[EXERCISE INPUT]
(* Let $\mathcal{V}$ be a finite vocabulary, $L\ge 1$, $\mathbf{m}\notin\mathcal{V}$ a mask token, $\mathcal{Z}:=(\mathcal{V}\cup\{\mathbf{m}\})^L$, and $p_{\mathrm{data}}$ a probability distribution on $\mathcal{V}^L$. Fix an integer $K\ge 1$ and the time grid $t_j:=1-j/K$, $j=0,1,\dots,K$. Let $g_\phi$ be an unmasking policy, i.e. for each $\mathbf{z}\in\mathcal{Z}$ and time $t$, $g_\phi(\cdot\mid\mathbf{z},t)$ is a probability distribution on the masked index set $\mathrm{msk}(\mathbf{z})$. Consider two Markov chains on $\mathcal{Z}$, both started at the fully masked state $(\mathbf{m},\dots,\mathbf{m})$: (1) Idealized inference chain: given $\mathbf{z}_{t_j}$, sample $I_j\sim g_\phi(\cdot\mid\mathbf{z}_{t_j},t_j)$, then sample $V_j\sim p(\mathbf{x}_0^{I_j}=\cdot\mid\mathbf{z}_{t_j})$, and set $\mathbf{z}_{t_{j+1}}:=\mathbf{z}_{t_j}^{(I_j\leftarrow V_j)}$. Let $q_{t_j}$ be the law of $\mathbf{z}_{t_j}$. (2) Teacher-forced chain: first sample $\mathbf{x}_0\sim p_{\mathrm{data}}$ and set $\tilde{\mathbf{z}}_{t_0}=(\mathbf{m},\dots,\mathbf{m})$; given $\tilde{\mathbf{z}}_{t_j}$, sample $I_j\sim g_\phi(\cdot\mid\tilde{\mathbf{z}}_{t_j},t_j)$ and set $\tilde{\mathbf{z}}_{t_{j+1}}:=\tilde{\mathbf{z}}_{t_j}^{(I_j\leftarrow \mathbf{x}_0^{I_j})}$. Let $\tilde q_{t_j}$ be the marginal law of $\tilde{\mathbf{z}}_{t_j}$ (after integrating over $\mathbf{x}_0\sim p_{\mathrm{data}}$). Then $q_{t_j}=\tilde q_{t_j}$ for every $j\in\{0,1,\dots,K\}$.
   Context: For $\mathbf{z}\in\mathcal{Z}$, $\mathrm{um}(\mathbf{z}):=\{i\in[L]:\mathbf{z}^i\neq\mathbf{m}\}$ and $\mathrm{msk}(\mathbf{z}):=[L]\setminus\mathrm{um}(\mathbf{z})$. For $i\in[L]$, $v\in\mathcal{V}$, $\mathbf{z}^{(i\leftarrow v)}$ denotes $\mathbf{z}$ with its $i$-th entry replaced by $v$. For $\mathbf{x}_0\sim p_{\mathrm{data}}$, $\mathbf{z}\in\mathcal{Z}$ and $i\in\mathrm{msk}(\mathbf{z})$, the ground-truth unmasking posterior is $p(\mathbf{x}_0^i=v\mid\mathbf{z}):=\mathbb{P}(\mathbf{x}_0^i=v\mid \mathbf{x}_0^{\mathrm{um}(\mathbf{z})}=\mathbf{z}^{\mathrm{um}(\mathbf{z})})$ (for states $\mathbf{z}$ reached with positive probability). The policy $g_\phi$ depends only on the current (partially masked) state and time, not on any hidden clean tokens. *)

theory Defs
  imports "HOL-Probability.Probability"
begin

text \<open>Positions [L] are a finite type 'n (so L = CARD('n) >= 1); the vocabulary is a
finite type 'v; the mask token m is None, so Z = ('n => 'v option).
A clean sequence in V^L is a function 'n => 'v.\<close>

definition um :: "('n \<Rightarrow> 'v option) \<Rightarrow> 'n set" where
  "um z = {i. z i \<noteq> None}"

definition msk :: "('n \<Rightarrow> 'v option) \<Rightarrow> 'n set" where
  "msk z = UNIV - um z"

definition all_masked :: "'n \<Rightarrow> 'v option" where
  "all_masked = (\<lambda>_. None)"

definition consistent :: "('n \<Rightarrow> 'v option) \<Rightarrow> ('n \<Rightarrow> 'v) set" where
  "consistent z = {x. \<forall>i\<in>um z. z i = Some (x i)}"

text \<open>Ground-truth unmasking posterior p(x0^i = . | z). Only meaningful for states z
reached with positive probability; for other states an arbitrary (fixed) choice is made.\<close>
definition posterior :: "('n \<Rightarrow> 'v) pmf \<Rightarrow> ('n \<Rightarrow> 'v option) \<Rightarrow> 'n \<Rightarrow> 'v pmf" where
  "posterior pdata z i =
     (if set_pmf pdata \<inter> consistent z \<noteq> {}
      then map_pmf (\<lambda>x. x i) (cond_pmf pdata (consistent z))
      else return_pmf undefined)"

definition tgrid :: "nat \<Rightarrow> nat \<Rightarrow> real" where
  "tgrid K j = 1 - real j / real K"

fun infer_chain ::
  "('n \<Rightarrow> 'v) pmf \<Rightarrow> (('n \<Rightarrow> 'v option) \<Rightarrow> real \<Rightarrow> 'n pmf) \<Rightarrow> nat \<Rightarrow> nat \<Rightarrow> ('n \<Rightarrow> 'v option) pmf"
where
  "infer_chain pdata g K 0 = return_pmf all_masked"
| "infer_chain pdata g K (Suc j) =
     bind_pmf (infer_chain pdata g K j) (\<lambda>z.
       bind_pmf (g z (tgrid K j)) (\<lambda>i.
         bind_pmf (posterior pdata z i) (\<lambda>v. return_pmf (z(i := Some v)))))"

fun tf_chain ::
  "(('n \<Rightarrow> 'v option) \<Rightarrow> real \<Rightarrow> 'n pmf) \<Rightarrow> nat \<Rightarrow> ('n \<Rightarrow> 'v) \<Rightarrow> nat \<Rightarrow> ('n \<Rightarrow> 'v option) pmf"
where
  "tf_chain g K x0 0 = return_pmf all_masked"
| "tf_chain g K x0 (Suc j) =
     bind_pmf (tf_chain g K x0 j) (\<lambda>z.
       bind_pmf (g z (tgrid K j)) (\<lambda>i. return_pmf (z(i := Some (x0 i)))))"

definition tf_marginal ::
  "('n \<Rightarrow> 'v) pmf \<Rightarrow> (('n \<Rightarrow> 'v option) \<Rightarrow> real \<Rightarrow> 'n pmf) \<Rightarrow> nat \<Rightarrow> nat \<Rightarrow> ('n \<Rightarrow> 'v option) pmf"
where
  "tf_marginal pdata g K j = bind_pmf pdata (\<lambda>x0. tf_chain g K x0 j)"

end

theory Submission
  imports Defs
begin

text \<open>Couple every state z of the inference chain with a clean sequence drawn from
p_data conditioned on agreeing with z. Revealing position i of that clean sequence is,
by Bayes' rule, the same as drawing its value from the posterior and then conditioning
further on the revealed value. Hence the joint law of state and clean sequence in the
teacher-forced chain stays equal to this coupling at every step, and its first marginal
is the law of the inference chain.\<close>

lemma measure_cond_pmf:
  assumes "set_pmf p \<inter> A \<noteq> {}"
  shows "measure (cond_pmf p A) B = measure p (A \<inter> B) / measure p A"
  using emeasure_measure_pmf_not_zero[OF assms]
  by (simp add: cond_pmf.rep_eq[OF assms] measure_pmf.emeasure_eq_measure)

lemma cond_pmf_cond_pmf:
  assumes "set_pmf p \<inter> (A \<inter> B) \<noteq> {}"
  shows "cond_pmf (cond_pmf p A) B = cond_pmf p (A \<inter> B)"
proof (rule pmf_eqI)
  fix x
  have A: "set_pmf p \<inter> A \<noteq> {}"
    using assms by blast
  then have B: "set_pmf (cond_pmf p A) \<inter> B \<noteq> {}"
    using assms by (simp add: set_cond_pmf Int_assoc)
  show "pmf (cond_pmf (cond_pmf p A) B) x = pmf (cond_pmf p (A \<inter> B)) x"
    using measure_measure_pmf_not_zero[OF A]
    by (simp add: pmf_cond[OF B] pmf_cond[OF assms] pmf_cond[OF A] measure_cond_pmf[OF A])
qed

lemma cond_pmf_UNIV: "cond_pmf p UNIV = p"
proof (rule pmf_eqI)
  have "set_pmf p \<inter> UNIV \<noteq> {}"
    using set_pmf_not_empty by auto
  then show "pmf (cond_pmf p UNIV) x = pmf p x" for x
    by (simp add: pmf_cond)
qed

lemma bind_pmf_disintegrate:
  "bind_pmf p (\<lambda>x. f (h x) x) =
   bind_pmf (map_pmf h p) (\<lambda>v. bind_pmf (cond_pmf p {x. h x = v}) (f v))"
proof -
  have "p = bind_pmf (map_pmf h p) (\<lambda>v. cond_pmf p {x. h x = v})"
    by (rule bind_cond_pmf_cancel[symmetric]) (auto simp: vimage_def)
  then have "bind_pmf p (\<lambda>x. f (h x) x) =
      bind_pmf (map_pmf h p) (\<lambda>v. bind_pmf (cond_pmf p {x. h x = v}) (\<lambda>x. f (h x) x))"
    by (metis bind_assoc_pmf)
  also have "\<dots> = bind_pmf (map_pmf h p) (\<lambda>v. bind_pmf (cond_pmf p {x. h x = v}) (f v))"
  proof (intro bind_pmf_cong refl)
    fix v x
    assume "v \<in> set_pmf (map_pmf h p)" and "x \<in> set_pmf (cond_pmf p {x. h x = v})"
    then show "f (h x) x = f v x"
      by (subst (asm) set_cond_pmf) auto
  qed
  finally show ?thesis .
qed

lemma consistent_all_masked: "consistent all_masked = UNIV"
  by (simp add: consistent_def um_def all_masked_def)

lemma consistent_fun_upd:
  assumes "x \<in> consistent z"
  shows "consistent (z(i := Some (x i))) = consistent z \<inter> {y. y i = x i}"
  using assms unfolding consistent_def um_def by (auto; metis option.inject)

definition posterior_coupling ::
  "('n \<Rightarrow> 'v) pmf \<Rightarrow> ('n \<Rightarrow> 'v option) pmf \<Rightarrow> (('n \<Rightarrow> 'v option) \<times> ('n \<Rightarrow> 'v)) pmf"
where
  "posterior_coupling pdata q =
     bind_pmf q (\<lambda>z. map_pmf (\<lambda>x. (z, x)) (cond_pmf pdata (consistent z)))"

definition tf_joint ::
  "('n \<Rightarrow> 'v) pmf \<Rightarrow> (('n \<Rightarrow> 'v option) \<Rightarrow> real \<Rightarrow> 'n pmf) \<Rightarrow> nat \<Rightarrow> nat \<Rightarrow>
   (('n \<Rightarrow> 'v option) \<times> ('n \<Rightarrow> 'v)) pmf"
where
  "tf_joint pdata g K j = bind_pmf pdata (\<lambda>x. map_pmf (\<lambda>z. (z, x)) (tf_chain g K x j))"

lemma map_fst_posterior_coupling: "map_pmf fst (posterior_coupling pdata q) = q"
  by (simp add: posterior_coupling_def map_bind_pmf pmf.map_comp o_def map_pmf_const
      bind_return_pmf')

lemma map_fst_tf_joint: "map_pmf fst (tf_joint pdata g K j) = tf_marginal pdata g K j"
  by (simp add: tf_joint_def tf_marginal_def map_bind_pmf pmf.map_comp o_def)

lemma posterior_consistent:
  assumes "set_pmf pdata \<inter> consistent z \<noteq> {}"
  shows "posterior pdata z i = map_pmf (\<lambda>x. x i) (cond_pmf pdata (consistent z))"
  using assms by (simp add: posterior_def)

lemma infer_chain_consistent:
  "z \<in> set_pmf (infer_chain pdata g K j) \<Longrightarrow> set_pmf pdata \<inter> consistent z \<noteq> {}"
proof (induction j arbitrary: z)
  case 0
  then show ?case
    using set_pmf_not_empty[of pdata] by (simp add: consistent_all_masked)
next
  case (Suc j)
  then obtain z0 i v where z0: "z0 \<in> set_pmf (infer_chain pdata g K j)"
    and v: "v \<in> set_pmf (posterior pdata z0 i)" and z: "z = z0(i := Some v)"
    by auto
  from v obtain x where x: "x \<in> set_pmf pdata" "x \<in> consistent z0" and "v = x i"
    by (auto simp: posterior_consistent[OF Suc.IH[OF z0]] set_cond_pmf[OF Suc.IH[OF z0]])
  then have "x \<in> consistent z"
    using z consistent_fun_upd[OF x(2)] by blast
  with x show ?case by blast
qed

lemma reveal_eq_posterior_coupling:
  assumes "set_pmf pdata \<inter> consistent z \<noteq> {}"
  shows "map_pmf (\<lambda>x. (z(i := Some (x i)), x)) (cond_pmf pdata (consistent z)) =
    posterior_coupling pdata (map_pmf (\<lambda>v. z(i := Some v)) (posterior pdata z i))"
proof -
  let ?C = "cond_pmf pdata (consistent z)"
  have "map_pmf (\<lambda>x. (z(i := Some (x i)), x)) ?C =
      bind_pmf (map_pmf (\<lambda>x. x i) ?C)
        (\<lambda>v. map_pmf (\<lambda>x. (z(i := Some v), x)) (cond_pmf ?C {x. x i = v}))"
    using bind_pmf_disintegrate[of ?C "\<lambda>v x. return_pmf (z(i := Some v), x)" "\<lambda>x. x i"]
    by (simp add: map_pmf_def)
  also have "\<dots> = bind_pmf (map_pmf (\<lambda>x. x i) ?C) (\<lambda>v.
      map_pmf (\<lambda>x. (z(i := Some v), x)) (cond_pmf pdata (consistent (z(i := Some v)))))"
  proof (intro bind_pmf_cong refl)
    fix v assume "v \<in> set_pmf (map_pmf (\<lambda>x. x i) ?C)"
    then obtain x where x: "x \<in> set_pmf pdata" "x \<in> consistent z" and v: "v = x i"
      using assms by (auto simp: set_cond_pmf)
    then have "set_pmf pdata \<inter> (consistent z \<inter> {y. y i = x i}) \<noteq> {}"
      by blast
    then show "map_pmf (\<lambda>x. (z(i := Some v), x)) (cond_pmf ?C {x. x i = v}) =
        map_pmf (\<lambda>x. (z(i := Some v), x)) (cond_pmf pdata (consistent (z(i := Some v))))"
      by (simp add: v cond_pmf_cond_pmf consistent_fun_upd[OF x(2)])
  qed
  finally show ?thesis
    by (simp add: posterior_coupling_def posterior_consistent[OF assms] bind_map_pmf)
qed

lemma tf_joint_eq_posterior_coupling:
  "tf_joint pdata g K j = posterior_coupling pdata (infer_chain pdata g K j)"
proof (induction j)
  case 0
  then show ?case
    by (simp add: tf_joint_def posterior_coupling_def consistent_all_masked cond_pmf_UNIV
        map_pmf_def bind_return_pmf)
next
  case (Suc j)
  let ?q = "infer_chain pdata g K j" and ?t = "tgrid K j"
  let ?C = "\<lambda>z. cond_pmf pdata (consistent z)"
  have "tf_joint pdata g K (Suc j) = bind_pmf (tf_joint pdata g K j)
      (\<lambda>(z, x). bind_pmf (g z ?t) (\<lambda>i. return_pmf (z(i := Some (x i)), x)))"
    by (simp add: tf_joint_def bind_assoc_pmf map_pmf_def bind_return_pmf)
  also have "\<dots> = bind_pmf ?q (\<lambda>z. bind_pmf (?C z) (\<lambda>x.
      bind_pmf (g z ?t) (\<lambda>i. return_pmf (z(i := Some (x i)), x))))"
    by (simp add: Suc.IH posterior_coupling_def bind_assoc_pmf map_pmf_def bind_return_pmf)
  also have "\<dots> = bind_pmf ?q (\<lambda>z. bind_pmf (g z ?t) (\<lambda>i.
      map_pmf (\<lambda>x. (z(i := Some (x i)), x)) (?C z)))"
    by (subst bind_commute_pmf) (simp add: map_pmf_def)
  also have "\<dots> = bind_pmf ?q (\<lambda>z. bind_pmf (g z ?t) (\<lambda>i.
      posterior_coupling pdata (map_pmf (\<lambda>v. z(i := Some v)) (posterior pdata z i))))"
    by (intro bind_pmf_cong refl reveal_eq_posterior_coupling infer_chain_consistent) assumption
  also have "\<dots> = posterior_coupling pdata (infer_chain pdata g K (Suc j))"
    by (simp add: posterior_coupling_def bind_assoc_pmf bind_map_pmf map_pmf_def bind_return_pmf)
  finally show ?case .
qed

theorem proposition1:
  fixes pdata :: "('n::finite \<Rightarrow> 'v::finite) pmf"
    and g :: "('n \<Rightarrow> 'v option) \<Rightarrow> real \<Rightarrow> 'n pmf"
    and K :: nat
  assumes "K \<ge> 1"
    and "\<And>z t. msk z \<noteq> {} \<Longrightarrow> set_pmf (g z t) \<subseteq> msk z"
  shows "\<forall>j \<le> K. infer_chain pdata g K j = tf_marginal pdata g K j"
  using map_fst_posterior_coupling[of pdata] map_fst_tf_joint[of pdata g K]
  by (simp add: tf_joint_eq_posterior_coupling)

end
[/EXERCISE INPUT]
**ABOUT THIS EXERCISE**
Print only these lines, please. They run from the start of the entries above to the line containing "clean tokens. *)", both ends included, and must match exactly.

**WORKED SOLUTION**
(* Let $\mathcal{V}$ be a finite vocabulary, $L\ge 1$, $\mathbf{m}\notin\mathcal{V}$ a mask token, $\mathcal{Z}:=(\mathcal{V}\cup\{\mathbf{m}\})^L$, and $p_{\mathrm{data}}$ a probability distribution on $\mathcal{V}^L$. Fix an integer $K\ge 1$ and the time grid $t_j:=1-j/K$, $j=0,1,\dots,K$. Let $g_\phi$ be an unmasking policy, i.e. for each $\mathbf{z}\in\mathcal{Z}$ and time $t$, $g_\phi(\cdot\mid\mathbf{z},t)$ is a probability distribution on the masked index set $\mathrm{msk}(\mathbf{z})$. Consider two Markov chains on $\mathcal{Z}$, both started at the fully masked state $(\mathbf{m},\dots,\mathbf{m})$: (1) Idealized inference chain: given $\mathbf{z}_{t_j}$, sample $I_j\sim g_\phi(\cdot\mid\mathbf{z}_{t_j},t_j)$, then sample $V_j\sim p(\mathbf{x}_0^{I_j}=\cdot\mid\mathbf{z}_{t_j})$, and set $\mathbf{z}_{t_{j+1}}:=\mathbf{z}_{t_j}^{(I_j\leftarrow V_j)}$. Let $q_{t_j}$ be the law of $\mathbf{z}_{t_j}$. (2) Teacher-forced chain: first sample $\mathbf{x}_0\sim p_{\mathrm{data}}$ and set $\tilde{\mathbf{z}}_{t_0}=(\mathbf{m},\dots,\mathbf{m})$; given $\tilde{\mathbf{z}}_{t_j}$, sample $I_j\sim g_\phi(\cdot\mid\tilde{\mathbf{z}}_{t_j},t_j)$ and set $\tilde{\mathbf{z}}_{t_{j+1}}:=\tilde{\mathbf{z}}_{t_j}^{(I_j\leftarrow \mathbf{x}_0^{I_j})}$. Let $\tilde q_{t_j}$ be the marginal law of $\tilde{\mathbf{z}}_{t_j}$ (after integrating over $\mathbf{x}_0\sim p_{\mathrm{data}}$). Then $q_{t_j}=\tilde q_{t_j}$ for every $j\in\{0,1,\dots,K\}$.
   Context: For $\mathbf{z}\in\mathcal{Z}$, $\mathrm{um}(\mathbf{z}):=\{i\in[L]:\mathbf{z}^i\neq\mathbf{m}\}$ and $\mathrm{msk}(\mathbf{z}):=[L]\setminus\mathrm{um}(\mathbf{z})$. For $i\in[L]$, $v\in\mathcal{V}$, $\mathbf{z}^{(i\leftarrow v)}$ denotes $\mathbf{z}$ with its $i$-th entry replaced by $v$. For $\mathbf{x}_0\sim p_{\mathrm{data}}$, $\mathbf{z}\in\mathcal{Z}$ and $i\in\mathrm{msk}(\mathbf{z})$, the ground-truth unmasking posterior is $p(\mathbf{x}_0^i=v\mid\mathbf{z}):=\mathbb{P}(\mathbf{x}_0^i=v\mid \mathbf{x}_0^{\mathrm{um}(\mathbf{z})}=\mathbf{z}^{\mathrm{um}(\mathbf{z})})$ (for states $\mathbf{z}$ reached with positive probability). The policy $g_\phi$ depends only on the current (partially masked) state and time, not on any hidden clean tokens. *)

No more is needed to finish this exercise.